Do I need a separate NDA before signing a software development agreement?
Yes, in most cases. A software development agreement typically includes a confidentiality clause, but that clause only applies once the contract is signed. If you need to share specifications, source code, or business logic before the deal is finalized, a standalone NDA should be in place first. Many companies use an NDA during evaluation, then roll confidentiality obligations into the development agreement once work begins.
Who owns the software built under a custom development agreement?
Ownership depends entirely on what the agreement says. Without a written contract, courts in many jurisdictions default to the developer retaining copyright. A properly drafted custom software development agreement should contain a work-for-hire clause or an explicit IP assignment transferring all rights to the client upon final payment. Always confirm this clause is present before signing.
What is the difference between an exclusive and a non-exclusive software licence?
An exclusive licence means only the licensee may use or distribute the software in the defined territory or field of use — not even the licensor can grant the same rights to anyone else. A non-exclusive licence lets the licensor grant the same rights to multiple parties simultaneously. Exclusive licences command higher fees; non-exclusive licences are standard for commercial software sold to many customers.
Can I use an end-user licence agreement (EULA) for B2B software sales?
A standard B2C EULA is generally not appropriate for B2B software sales. Business customers negotiate data-processing terms, liability caps, SLAs, enterprise support, and multi-seat pricing that a consumer EULA does not address. Use a business-oriented software licence agreement for enterprise deals, and reserve the B2C EULA for consumer-facing app stores and click-through deployments.
What should a software maintenance agreement cover?
At minimum: the scope of maintenance (bug fixes, patches, updates, or major version upgrades), response and resolution SLAs by severity level, scheduled maintenance windows, fees and billing frequency, escalation procedures, and conditions for termination. Agreements that also cover hosting or cloud delivery should add uptime guarantees and data-handling obligations.
Is a technology transfer agreement the same as an IP assignment?
They are closely related but not identical. A technology transfer agreement typically transfers ownership of a defined technology bundle — patents, know-how, documentation, and related trade secrets — and may include transition assistance, training, and support obligations. An IP assignment is usually a shorter instrument that conveys specific registered or unregistered rights. For complex technology bundles, a full transfer agreement is the more appropriate instrument.
What is a clickable software licence notice and when is it used?
A clickable software licence notice (sometimes called a click-wrap licence) is an on-screen licence that requires the user to actively accept its terms before proceeding — typically by clicking "I Agree." Courts in most jurisdictions treat properly implemented click-wrap agreements as enforceable contracts. They are standard practice for software downloaded from the web, installed on a device, or accessed via a browser.
When do I need a software distribution agreement rather than a licence agreement?
Use a distribution agreement when your channel partner (a reseller, OEM, or distributor) will be marketing and selling your software to their own customers. The distributor is not the end user — they are an intermediary. The distribution agreement governs the publisher-distributor relationship; the end-user licence agreement governs the distributor-customer relationship. Both documents are typically required.

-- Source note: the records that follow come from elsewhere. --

lemma set_nn_integral_outside_ball_dist_powr_le_log:
  obtains C where "0 \<le> C" "\<And>x \<rho>. x \<in> Y \<Longrightarrow> 0 < \<rho> \<Longrightarrow>
    (\<integral>\<^sup>+t\<in>-ball x \<rho>. ennreal (dist x t powr -ups) \<partial>nu) \<le> ennreal (C * (1 + \<bar>ln \<rho>\<bar>))"
proof -
  define A where "A = c0 * 2 powr ups * (1 + (\<bar>ln r0\<bar> + 1) / ln 2)"
  define V where "V = (r0/2) powr -ups * measure nu Y"
  have AV: "0 \<le> A" "0 \<le> V"
    using c0_pos by (simp_all add: A_def V_def)
  have "(\<integral>\<^sup>+t\<in>-ball x \<rho>. ennreal (dist x t powr -ups) \<partial>nu) \<le> ennreal ((A + V) * (1 + \<bar>ln \<rho>\<bar>))"
    if x: "x \<in> Y" and \<rho>: "0 < \<rho>" for x \<rho>
  proof -
    have "(\<integral>\<^sup>+t\<in>-ball x \<rho>. ennreal (dist x t powr -ups) \<partial>nu)
        \<le> (\<integral>\<^sup>+t\<in>ball x (r0/2) - ball x \<rho>. ennreal (dist x t powr -ups) \<partial>nu)
          + ennreal ((r0/2) powr -ups * \<rho> powr (ups - ups) * measure nu Y)"
      by (rule set_nn_integral_outside_ball_le_annulus[OF x \<rho> order_refl])
    also have "\<dots> \<le> ennreal (A * (1 + \<bar>ln \<rho>\<bar>)) + ennreal (V * (1 + \<bar>ln \<rho>\<bar>))"
    proof (intro add_mono order_trans[OF set_nn_integral_annulus_dist_powr_le_count[OF x \<rho>]] ennreal_leI)
      show "real (nat \<lceil>log 2 (r0 / \<rho>)\<rceil>) * (c0 * 2 powr ups) \<le> A * (1 + \<bar>ln \<rho>\<bar>)"
        using nat_ceiling_log_le_ln[OF r0_pos \<rho>] c0_pos by (simp add: A_def mult_ac)
      have "V * 1 \<le> V * (1 + \<bar>ln \<rho>\<bar>)"
        using AV by (intro mult_left_mono) auto
      then show "(r0/2) powr -ups * \<rho> powr (ups - ups) * measure nu Y \<le> V * (1 + \<bar>ln \<rho>\<bar>)"
        using \<rho> by (simp add: V_def)
    qed
    also have "\<dots> = ennreal ((A + V) * (1 + \<bar>ln \<rho>\<bar>))"
      using AV by (simp add: ennreal_plus[symmetric] algebra_simps del: ennreal_plus)
    finally show ?thesis .
  qed
  with AV show thesis
    using that[of "A + V"] by simp
qed
(* Let $G$ be a (possibly infinite) cyclic graph with vertex set $V$. For every $v\in V$, \[ \mathrm{wf}(G)=\lim_{m\to\infty}\frac{\gamma_m(v)}{m}. \]
   Context: $S^1=\mathbb{R}/\mathbb{Z}$; $\preceq$/$\prec$ denote clockwise cyclic order; $\vec d(p,q)\in[0,1)$ is the clockwise distance from $p$ to $q$. A directed graph has no loops and no pair of opposite edges; $N^+[G,v]=\{v\}\cup\{w:v\to w\}$. A directed graph with vertex set $V\subseteq S^1$ is cyclic if whenever $v\to u$ is an edge, $v\to w$ and $w\to u$ are edges for all $w\in V$ with $v\prec w\prec u\prec v$. For $0\le k<n/2$, $C_n^k$ is the cyclic graph on $\{0,\dots,n-1\}$ with edges $i\to i+s\bmod n$, $1\le s\le k$. A cyclic homomorphism is a directed-graph homomorphism (edges map to edges or collapse) weakly preserving cyclic order and non-constant when the domain has a directed cycle. For finite cyclic $G$, $\mathrm{wf}(G)=\sup\{k/n:\exists$ cyclic homomorphism $C_n^k\to G\}$; for arbitrary cyclic $G$, $\mathrm{wf}(G)=\sup\{\mathrm{wf}(G[W]):W\subseteq V$ finite$\}$. For $m\ge1$ and $v_0\in V$, $\gamma_m(v_0)=\sup\{\sum_{i=0}^{m-1}\vec d(v_i,v_{i+1}) : v_1,\dots,v_m\in V,\ v_{i+1}\in N^+[G,v_i]\}$ (the supremum of total clockwise length of length-$m$ directed walks from $v_0$, where staying put is allowed). *)

theory Defs
  imports Complex_Main
begin

text \<open>Points of the circle S^1 = R/Z are represented by their unique
  representatives in [0,1). A graph is given by a vertex set V and an edge
  relation E.\<close>

definition on_circle :: "real set \<Rightarrow> bool" where
  "on_circle V \<longleftrightarrow> V \<subseteq> {0..<1}"

definition cdist :: "real \<Rightarrow> real \<Rightarrow> real" where
  "cdist p q = frac (q - p)"

text \<open>Weak clockwise cyclic order p \<preceq> q \<preceq> r (\<preceq> p).\<close>
definition cw_le :: "real \<Rightarrow> real \<Rightarrow> real \<Rightarrow> bool" where
  "cw_le p q r \<longleftrightarrow> cdist p q + cdist q r + cdist r p \<le> 1"

definition cw_lt :: "real \<Rightarrow> real \<Rightarrow> real \<Rightarrow> bool" where
  "cw_lt p q r \<longleftrightarrow> p \<noteq> q \<and> q \<noteq> r \<and> r \<noteq> p \<and> cw_le p q r"

definition digraph :: "real set \<Rightarrow> (real \<Rightarrow> real \<Rightarrow> bool) \<Rightarrow> bool" where
  "digraph V E \<longleftrightarrow> on_circle V \<and>
     (\<forall>x y. E x y \<longrightarrow> x \<in> V \<and> y \<in> V) \<and>
     (\<forall>x. \<not> E x x) \<and> (\<forall>x y. E x y \<longrightarrow> \<not> E y x)"

definition cyclic_graph :: "real set \<Rightarrow> (real \<Rightarrow> real \<Rightarrow> bool) \<Rightarrow> bool" where
  "cyclic_graph V E \<longleftrightarrow> digraph V E \<and>
     (\<forall>v\<in>V. \<forall>u\<in>V. \<forall>w\<in>V. E v u \<and> cw_lt v w u \<longrightarrow> E v w \<and> E w u)"

definition Cverts :: "nat \<Rightarrow> real set" where
  "Cverts n = {real i / real n | i. i < n}"

definition Cedge :: "nat \<Rightarrow> nat \<Rightarrow> real \<Rightarrow> real \<Rightarrow> bool" where
  "Cedge n k x y \<longleftrightarrow> (\<exists>i s. i < n \<and> 1 \<le> s \<and> s \<le> k \<and>
      x = real i / real n \<and> y = real ((i + s) mod n) / real n)"

definition has_dcycle :: "real set \<Rightarrow> (real \<Rightarrow> real \<Rightarrow> bool) \<Rightarrow> bool" where
  "has_dcycle V E \<longleftrightarrow> (\<exists>v\<in>V. (v, v) \<in> {(a, b). E a b}\<^sup>+)"

definition cyclic_hom ::
  "real set \<Rightarrow> (real \<Rightarrow> real \<Rightarrow> bool) \<Rightarrow> real set \<Rightarrow> (real \<Rightarrow> real \<Rightarrow> bool)
   \<Rightarrow> (real \<Rightarrow> real) \<Rightarrow> bool" where
  "cyclic_hom V1 E1 V2 E2 f \<longleftrightarrow>
     (\<forall>x\<in>V1. f x \<in> V2) \<and>
     (\<forall>x y. E1 x y \<longrightarrow> E2 (f x) (f y) \<or> f x = f y) \<and>
     (\<forall>x\<in>V1. \<forall>y\<in>V1. \<forall>z\<in>V1. cw_le x y z \<longrightarrow> cw_le (f x) (f y) (f z)) \<and>
     (has_dcycle V1 E1 \<longrightarrow> (\<exists>x\<in>V1. \<exists>y\<in>V1. f x \<noteq> f y))"

definition wf_fin :: "real set \<Rightarrow> (real \<Rightarrow> real \<Rightarrow> bool) \<Rightarrow> real" where
  "wf_fin V E = Sup {real k / real n | n k. 2 * k < n \<and>
      (\<exists>f. cyclic_hom (Cverts n) (Cedge n k) V E f)}"

definition induced :: "(real \<Rightarrow> real \<Rightarrow> bool) \<Rightarrow> real set \<Rightarrow> real \<Rightarrow> real \<Rightarrow> bool" where
  "induced E W x y \<longleftrightarrow> x \<in> W \<and> y \<in> W \<and> E x y"

text \<open>Winding fraction of an arbitrary cyclic graph (sup over nonempty finite
  induced subgraphs; the empty subgraph contributes nothing).\<close>
definition wf :: "real set \<Rightarrow> (real \<Rightarrow> real \<Rightarrow> bool) \<Rightarrow> real" where
  "wf V E = Sup {wf_fin W (induced E W) | W. finite W \<and> W \<subseteq> V \<and> W \<noteq> {}}"

definition gamma :: "real set \<Rightarrow> (real \<Rightarrow> real \<Rightarrow> bool) \<Rightarrow> nat \<Rightarrow> real \<Rightarrow> real" where
  "gamma V E m v = Sup {(\<Sum>i<m. cdist (w i) (w (Suc i))) | w.
      w 0 = v \<and> (\<forall>i<m. w (Suc i) \<in> V \<and> (w (Suc i) = w i \<or> E (w i) (w (Suc i))))}"

end

theory Submission
  imports Defs
begin

text \<open>
  Lift walks on the circle to monotone paths in \<open>\<real>\<close>; the total clockwise length of a walk
  is the displacement of its lift.

  Upper bound: inside a finite subgraph \<open>W\<close>, let \<open>greedy x\<close> be the farthest lift, less than one
  turn ahead of \<open>x\<close>, of a closed out-neighbour of \<open>frac x\<close>. Because \<open>G\<close> is cyclic, \<open>greedy\<close> is
  monotone; it also commutes with integer translations, so \<open>greedy\<^sup>m v - v\<close> bounds every walk of
  length \<open>m\<close> from \<open>v\<close> and is superadditive up to an error of \<open>1\<close>. If \<open>greedy\<^sup>m v - v \<ge> k + 2\<close>, the
  lower envelope \<open>F i = min\<^sub>a (greedy\<^sup>a v - \<lfloor>(a k - i) / m\<rfloor>)\<close> satisfies \<open>F (i + m) = F i + 1\<close> and
  \<open>F (i + k) \<le> greedy (F i)\<close>, hence \<open>i \<mapsto> frac (F i)\<close> is a cyclic homomorphism \<open>C\<^sub>m\<^sup>k \<rightarrow> W\<close>. Thus
  \<open>\<gamma>\<^sub>m(v) \<le> m wf(G) + 3\<close>.

  Lower bound: a cyclic homomorphism \<open>C\<^sub>n\<^sup>k \<rightarrow> W\<close> lifts to a monotone path that winds at least
  once every \<open>n\<close> steps and advances less than one turn every \<open>k\<close> steps. Sampling every \<open>k\<close>-th
  point gives a walk in \<open>G\<close> advancing at least \<open>k\<close> turns per \<open>n\<close> steps, and cyclicity lets
  every vertex \<open>v\<close> enter this walk in one step. Thus \<open>\<gamma>\<^sub>m(v) \<ge> \<lfloor>(m - 1) / n\<rfloor> k\<close>.
\<close>

lemma cdist_nonneg: "0 \<le> cdist p q"
  by (simp add: cdist_def)

lemma cdist_less_1: "cdist p q < 1"
  by (simp add: cdist_def frac_lt_1)

lemma cdist_self [simp]: "cdist p p = 0"
  by (simp add: cdist_def)

lemma frac_add_of_nat [simp]: "frac (x + of_nat n) = frac x"
  using frac_add_of_int_right[of x "int n"] by simp

lemma frac_diff_of_int [simp]: "frac (x - of_int n) = frac x"
  using frac_add_of_int_right[of x "- n"] by simp

lemma cdist_frac_frac:
  assumes "x \<le> y" "y < x + 1"
  shows "cdist (frac x) (frac y) = y - x"
proof -
  have "frac y - frac x = (y - x) + of_int (\<lfloor>x\<rfloor> - \<lfloor>y\<rfloor>)"
    by (simp add: frac_def)
  then have "frac (frac y - frac x) = frac (y - x)"
    by (metis frac_add_of_int_right)
  also have "\<dots> = y - x"
    using assms by (simp add: frac_eq)
  finally show ?thesis
    by (simp add: cdist_def)
qed

lemma frac_add_cdist:
  assumes "b \<in> {0..<1}"
  shows "frac (x + cdist (frac x) b) = b"
proof -
  have "frac (x + cdist (frac x) b) = frac (x + (b - frac x))"
    unfolding cdist_def by (simp only: frac_add_simps)
  also have "\<dots> = frac (b + of_int \<lfloor>x\<rfloor>)"
    by (simp add: frac_def algebra_simps)
  finally show ?thesis
    using assms by simp
qed

lemma cdist_unit_interval:
  "p \<in> {0..<1} \<Longrightarrow> q \<in> {0..<1} \<Longrightarrow> cdist p q = (if p \<le> q then q - p else q - p + 1)"
  unfolding cdist_def by (auto simp: frac_unique_iff)

lemma cdist_eq_0_iff: "p \<in> {0..<1} \<Longrightarrow> q \<in> {0..<1} \<Longrightarrow> cdist p q = 0 \<longleftrightarrow> p = q"
  by (auto simp: cdist_unit_interval)

lemma cw_le_iff_cdist:
  "p \<in> {0..<1} \<Longrightarrow> q \<in> {0..<1} \<Longrightarrow> r \<in> {0..<1} \<Longrightarrow>
    cw_le p q r \<longleftrightarrow> p = r \<or> cdist p q \<le> cdist p r"
  unfolding cw_le_def by (auto simp: cdist_unit_interval)

lemma cw_le_same_ends: "cw_le p q p"
proof -
  have "frac (p - q) = frac (- (q - p))"
    by simp
  then show ?thesis
    unfolding cw_le_def cdist_def using frac_neg[of "q - p"] frac_lt_1[of "q - p"] by auto
qed

lemma cdist_via:
  "p \<in> {0..<1} \<Longrightarrow> q \<in> {0..<1} \<Longrightarrow> r \<in> {0..<1} \<Longrightarrow> r \<noteq> p \<Longrightarrow>
    cdist p q < cdist p r \<Longrightarrow> cdist r q = cdist r p + cdist p q"
  by (auto simp: cdist_unit_interval split: if_splits)

lemma cw_lt_frac:
  assumes "x < y" "y < z" "z < x + 1"
  shows "cw_lt (frac x) (frac y) (frac z)"
proof -
  have frac_in: "frac u \<in> {0..<1}" for u :: real
    by (simp add: frac_lt_1)
  have dist: "cdist (frac x) (frac y) = y - x" "cdist (frac x) (frac z) = z - x"
    "cdist (frac y) (frac z) = z - y"
    using assms by (simp_all add: cdist_frac_frac)
  then have "frac x \<noteq> frac y" "frac y \<noteq> frac z" "frac z \<noteq> frac x"
    using assms cdist_eq_0_iff[OF frac_in frac_in, of x y] cdist_eq_0_iff[OF frac_in frac_in, of y z]
      cdist_eq_0_iff[OF frac_in frac_in, of x z] by auto
  then show ?thesis
    unfolding cw_lt_def using cw_le_iff_cdist[OF frac_in frac_in frac_in] dist assms by auto
qed

lemma cdist_grid:
  assumes "i < m" "j < m"
  shows "cdist (real i / real m) (real j / real m) = real_of_int ((int j - int i) mod int m) / real m"
proof -
  define d where "d = int j - int i"
  have m: "real m > 0"
    using assms by simp
  have "d = int m * (d div int m) + d mod int m"
    by simp
  then have "real_of_int d = real m * of_int (d div int m) + of_int (d mod int m)"
    by (metis of_int_add of_int_mult of_int_of_nat_eq)
  then have split: "real j / real m - real i / real m = of_int (d mod int m) / real m + of_int (d div int m)"
    unfolding d_def using m by (simp add: field_simps)
  have "0 \<le> d mod int m" "d mod int m < int m"
    using assms by auto
  then have "0 \<le> real_of_int (d mod int m)" "real_of_int (d mod int m) < real m"
    by simp_all
  then have "of_int (d mod int m) / real m \<in> {0..<1}"
    using m by (simp add: field_simps)
  then show ?thesis
    unfolding cdist_def split d_def by simp
qed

Software & Technology vs. related documents

Software License Agreement vs. Software Development Agreement

A software license agreement grants someone the right to use software you already own. A software development agreement commissions the creation of new software and determines who owns it once built. If you are procuring custom work, you need a development agreement first; a license agreement is relevant only once the software exists and you want to grant usage rights to others.

Technology Licensing Agreement vs. Technology Transfer Agreement

A technology licensing agreement lets the licensee use the technology while the original owner retains title. A technology transfer agreement permanently conveys ownership to the new party. Use a licence when you want recurring royalties and control; use a transfer when you want a clean, one-time sale of the IP.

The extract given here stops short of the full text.